== Segment start ==

lemma nondegenerate_on_projection:
  assumes "nondegenerate_on V" "V' \<subseteq> V" "\<And>v. v \<in> V \<Longrightarrow> \<pi> v \<in> V'"
    and "\<And>w v. w \<in> V' \<Longrightarrow> v \<in> V \<Longrightarrow> B w (\<pi> v) = B w v"
  shows "nondegenerate_on V'"
  unfolding nondegenerate_on_def
proof (intro ballI impI)
  fix w assume "w \<in> V'" "w \<noteq> 0"
  then obtain y where "y \<in> V" "B w y \<noteq> 0" using assms(1,2) unfolding nondegenerate_on_def by blast
  then show "\<exists>y\<in>V'. B w y \<noteq> 0" using assms(3,4) \<open>w \<in> V'\<close> by metis
qed

text \<open>By polarization, a subspace of isotropic vectors is totally isotropic.\<close>
lemma totally_isotropic:
  assumes "subspace Q" "\<And>x. x \<in> Q \<Longrightarrow> B x x = 0" "x \<in> Q" "y \<in> Q"
  shows "B x y = 0"
  using assms(2)[of "x + y"] assms(2)[OF assms(3)] assms(2)[OF assms(4)] assms
  by (simp add: B_simps subspace_add B_sym[of y x])

lemma hyperbolic_partner:
  assumes "subspace V" "nondegenerate_on V" "l \<in> V" "l \<noteq> 0" "B l l = 0"
  shows "\<exists>u\<in>V. B l u = 1 \<and> B u u = 0"
proof -
  obtain w where w: "w \<in> V" "B l w \<noteq> 0" using assms(2-4) unfolding nondegenerate_on_def by blast
  define u0 where "u0 = (1 / B l w) *\<^sub>R w"
  define u where "u = u0 - (B u0 u0 / 2) *\<^sub>R l"
  have lu0: "B l u0 = 1" using w unfolding u0_def by (simp add: B_simps)
  have "B l u = 1" unfolding u_def by (simp add: B_simps lu0 assms(5))
  moreover have "B u u = 0" unfolding u_def by (simp add: B_simps lu0 assms(5) B_sym[of u0 l])
  moreover have "u \<in> V" unfolding u_def u0_def using w assms(1,3) by (simp add: subspace_diff subspace_scale)
  ultimately show ?thesis by blast
qed

definition adapted :: "nat \<Rightarrow> (nat \<Rightarrow> 'a) \<Rightarrow> nat \<Rightarrow> (nat \<Rightarrow> 'a) \<Rightarrow> (nat \<Rightarrow> 'a) \<Rightarrow> bool" where
  "adapted p zs m ls us \<longleftrightarrow>
     (\<forall>i<p. \<forall>j<p. B (zs i) (zs j) \<noteq> 0 \<longleftrightarrow> i = j) \<and>
     (\<forall>i<m. \<forall>j<m. B (ls i) (ls j) = 0 \<and> B (us i) (us j) = 0 \<and> B (ls i) (us j) = (if i = j then 1 else 0)) \<and>
     (\<forall>i<p. \<forall>k<m. B (zs i) (ls k) = 0 \<and> B (zs i) (us k) = 0)"

text \<open>The frame vectors meant to lie in Q (the zs and ls), and the whole frame.\<close>
definition frame_core :: "nat \<Rightarrow> (nat \<Rightarrow> 'a) \<Rightarrow> nat \<Rightarrow> (nat \<Rightarrow> 'a) \<Rightarrow> 'a set" where
  "frame_core p zs m ls = zs ` {..<p} \<union> ls ` {..<m}"

definition frame_vectors :: "nat \<Rightarrow> (nat \<Rightarrow> 'a) \<Rightarrow> nat \<Rightarrow> (nat \<Rightarrow> 'a) \<Rightarrow> (nat \<Rightarrow> 'a) \<Rightarrow> 'a set" where
  "frame_vectors p zs m ls us = frame_core p zs m ls \<union> us ` {..<m}"

definition frame_for :: "'a set \<Rightarrow> 'a set \<Rightarrow> nat \<Rightarrow> (nat \<Rightarrow> 'a) \<Rightarrow> nat \<Rightarrow> (nat \<Rightarrow> 'a) \<Rightarrow> (nat \<Rightarrow> 'a) \<Rightarrow> bool" where
  "frame_for V Q p zs m ls us \<longleftrightarrow> adapted p zs m ls us \<and>
     (\<forall>i<p. zs i \<in> Q) \<and> (\<forall>k<m. ls k \<in> Q \<and> us k \<in> V) \<and> Q \<subseteq> span (frame_core p zs m ls) \<and>
     (\<forall>q\<in>Q. (\<forall>s\<in>frame_vectors p zs m ls us. B q s = 0) \<longrightarrow> q = 0)"

lemma frame_forI:
  assumes "adapted p zs m ls us" "\<And>i. i < p \<Longrightarrow> zs i \<in> Q" "\<And>k. k < m \<Longrightarrow> ls k \<in> Q"
    "\<And>k. k < m \<Longrightarrow> us k \<in> V" "Q \<subseteq> span (frame_core p zs m ls)"
    "\<And>q. q \<in> Q \<Longrightarrow> (\<And>s. s \<in> frame_vectors p zs m ls us \<Longrightarrow> B q s = 0) \<Longrightarrow> q = 0"
  shows "frame_for V Q p zs m ls us"
  using assms unfolding frame_for_def by blast

lemma frame_forD:
  assumes "frame_for V Q p zs m ls us"
  shows "adapted p zs m ls us" "\<And>i. i < p \<Longrightarrow> zs i \<in> Q" "\<And>k. k < m \<Longrightarrow> ls k \<in> Q"
    "\<And>k. k < m \<Longrightarrow> us k \<in> V" "Q \<subseteq> span (frame_core p zs m ls)"
    "\<And>q. q \<in> Q \<Longrightarrow> (\<And>s. s \<in> frame_vectors p zs m ls us \<Longrightarrow> B q s = 0) \<Longrightarrow> q = 0"
  using assms unfolding frame_for_def by blast+

lemma frame_for_empty: "Q \<subseteq> {0} \<Longrightarrow> frame_for V Q 0 zs 0 ls us"
  unfolding frame_for_def adapted_def frame_core_def by auto

lemma frame_vectors_add_z:
  "frame_core p zs m ls \<subseteq> frame_core (Suc p) (zs(p:=x)) m ls"
  "x \<in> frame_core (Suc p) (zs(p:=x)) m ls"
  "frame_vectors p zs m ls us \<subseteq> frame_vectors (Suc p) (zs(p:=x)) m ls us"
  "x \<in> frame_vectors (Suc p) (zs(p:=x)) m ls us"
  unfolding frame_vectors_def frame_core_def by (auto simp: lessThan_Suc image_iff)

lemma frame_vectors_add_pair:
  "frame_core p zs m ls \<subseteq> frame_core p zs (Suc m) (ls(m:=l))"
  "l \<in> frame_core p zs (Suc m) (ls(m:=l))"
  "frame_vectors p zs m ls us \<subseteq> frame_vectors p zs (Suc m) (ls(m:=l)) (us(m:=u))"
  "u \<in> frame_vectors p zs (Suc m) (ls(m:=l)) (us(m:=u))"
  unfolding frame_vectors_def frame_core_def by (auto simp: lessThan_Suc image_iff)

lemma span_shift: "q - c *\<^sub>R v \<in> span S \<Longrightarrow> v \<in> S \<Longrightarrow> q \<in> span S"
  using span_add[of "q - c *\<^sub>R v" S "c *\<^sub>R v"] span_scale[OF span_base] by fastforce

lemma frame_for_add_anisotropic:
  assumes Q: "subspace Q" "Q \<subseteq> V" and x: "x \<in> Q" "B x x \<noteq> 0"
    and F: "frame_for {v\<in>V. B x v = 0} {q\<in>Q. B x q = 0} p zs m ls us"
  shows "frame_for V Q (Suc p) (zs(p:=x)) m ls us"
proof (rule frame_forI)
  have zs: "zs i \<in> Q" "B x (zs i) = 0" "B (zs i) x = 0" if "i < p" for i
    using frame_forD(2)[OF F that] B_sym[of x "zs i"] by auto
  have lu: "ls k \<in> Q" "us k \<in> V" "B x (ls k) = 0" "B x (us k) = 0" if "k < m" for k
    using frame_forD(3,4)[OF F that] by auto
  show "adapted (Suc p) (zs(p:=x)) m ls us"
    using frame_forD(1)[OF F] zs lu x(2) unfolding adapted_def by (auto simp: less_Suc_eq)
  show "(zs(p:=x)) i \<in> Q" if "i < Suc p" for i using that zs(1) x(1) by (auto simp: less_Suc_eq)
  show "ls k \<in> Q" "us k \<in> V" if "k < m" for k using lu that by auto
  show "Q \<subseteq> span (frame_core (Suc p) (zs(p:=x)) m ls)"
  proof
    fix q assume q: "q \<in> Q"
    have "q - (B x q / B x x) *\<^sub>R x \<in> {q\<in>Q. B x q = 0}"
      using q x Q(1) by (simp add: B_simps subspace_diff subspace_scale)
    then have "q - (B x q / B x x) *\<^sub>R x \<in> span (frame_core (Suc p) (zs(p:=x)) m ls)"
      using frame_forD(5)[OF F] span_mono[OF frame_vectors_add_z(1)] by blast
    then show "q \<in> span (frame_core (Suc p) (zs(p:=x)) m ls)"
      using frame_vectors_add_z(2) by (rule span_shift)
  qed
  show "q = 0" if "q \<in> Q" "\<And>s. s \<in> frame_vectors (Suc p) (zs(p:=x)) m ls us \<Longrightarrow> B q s = 0" for q
  proof (rule frame_forD(6)[OF F])
    show "q \<in> {q\<in>Q. B x q = 0}" using that(1) that(2)[OF frame_vectors_add_z(4)] B_sym[of q x] by simp
  qed (use that(2) frame_vectors_add_z(3) in blast)
qed

lemma frame_for_add_pair:
  assumes Q: "subspace Q" "Q \<subseteq> V" "\<And>q. q \<in> Q \<Longrightarrow> B l q = 0"
    and lu: "l \<in> Q" "u \<in> V" "B l u = 1" "B u u = 0"
    and F: "frame_for {v\<in>V. B l v = 0 \<and> B u v = 0} {q\<in>Q. B u q = 0} p zs m ls us"
  shows "frame_for V Q p zs (Suc m) (ls(m:=l)) (us(m:=u))"
proof (rule frame_forI)
  have ul: "B u l = 1" using lu(3) B_sym by metis
  have zs: "zs i \<in> Q" "B l (zs i) = 0" "B u (zs i) = 0" "B (zs i) l = 0" "B (zs i) u = 0" if "i < p" for i
    using frame_forD(2)[OF F that] Q(3) B_sym[of l "zs i"] B_sym[of u "zs i"] by auto
  have ls: "ls k \<in> Q" "B l (ls k) = 0" "B u (ls k) = 0" "B (ls k) l = 0" "B (ls k) u = 0" if "k < m" for k
    using frame_forD(3)[OF F that] Q(3) B_sym[of l "ls k"] B_sym[of u "ls k"] by auto
  have us: "us k \<in> V" "B l (us k) = 0" "B u (us k) = 0" "B (us k) l = 0" "B (us k) u = 0" if "k < m" for k
    using frame_forD(4)[OF F that] B_sym[of l "us k"] B_sym[of u "us k"] by auto
  show "adapted p zs (Suc m) (ls(m:=l)) (us(m:=u))"
    using frame_forD(1)[OF F] zs ls us ul lu(3,4) Q(3)[OF lu(1)] unfolding adapted_def
    by (auto simp: less_Suc_eq)
  show "zs i \<in> Q" if "i < p" for i using zs that by auto
  show "(ls(m:=l)) k \<in> Q" "(us(m:=u)) k \<in> V" if "k < Suc m" for k
    using that ls(1) us(1) lu(1,2) by (auto simp: less_Suc_eq)
  show "Q \<subseteq> span (frame_core p zs (Suc m) (ls(m:=l)))"
  proof
    fix q assume q: "q \<in> Q"
    have "q - B u q *\<^sub>R l \<in> {q\<in>Q. B u q = 0}"
      using q lu(1) ul Q(1) by (simp add: B_simps subspace_diff subspace_scale)
    then have "q - B u q *\<^sub>R l \<in> span (frame_core p zs (Suc m) (ls(m:=l)))"
      using frame_forD(5)[OF F] span_mono[OF frame_vectors_add_pair(1)] by blast
    then show "q \<in> span (frame_core p zs (Suc m) (ls(m:=l)))"
      using frame_vectors_add_pair(2) by (rule span_shift)
  qed
  show "q = 0" if "q \<in> Q" "\<And>s. s \<in> frame_vectors p zs (Suc m) (ls(m:=l)) (us(m:=u)) \<Longrightarrow> B q s = 0" for q
  proof (rule frame_forD(6)[OF F])
    show "q \<in> {q\<in>Q. B u q = 0}" using that(1) that(2)[OF frame_vectors_add_pair(4)] B_sym[of q u] by simp
  qed (use that(2) frame_vectors_add_pair(3) in blast)
qed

== Segment end ==

BRIEF | Where the data above reaches the line holding "nat \<Rightarrow> (nat \<Rightarrow> 'a) \<Rightarrow> 'a", begin printing, and stop after the line holding "zs m ls = zs". Each line must be reproduced exactly, with nothing else added.

THE ANSWER |
definition frame_core :: "nat \<Rightarrow> (nat \<Rightarrow> 'a) \<Rightarrow> nat \<Rightarrow> (nat \<Rightarrow> 'a) \<Rightarrow> 'a set" where
  "frame_core p zs m ls = zs ` {..<p} \<union> ls ` {..<m}"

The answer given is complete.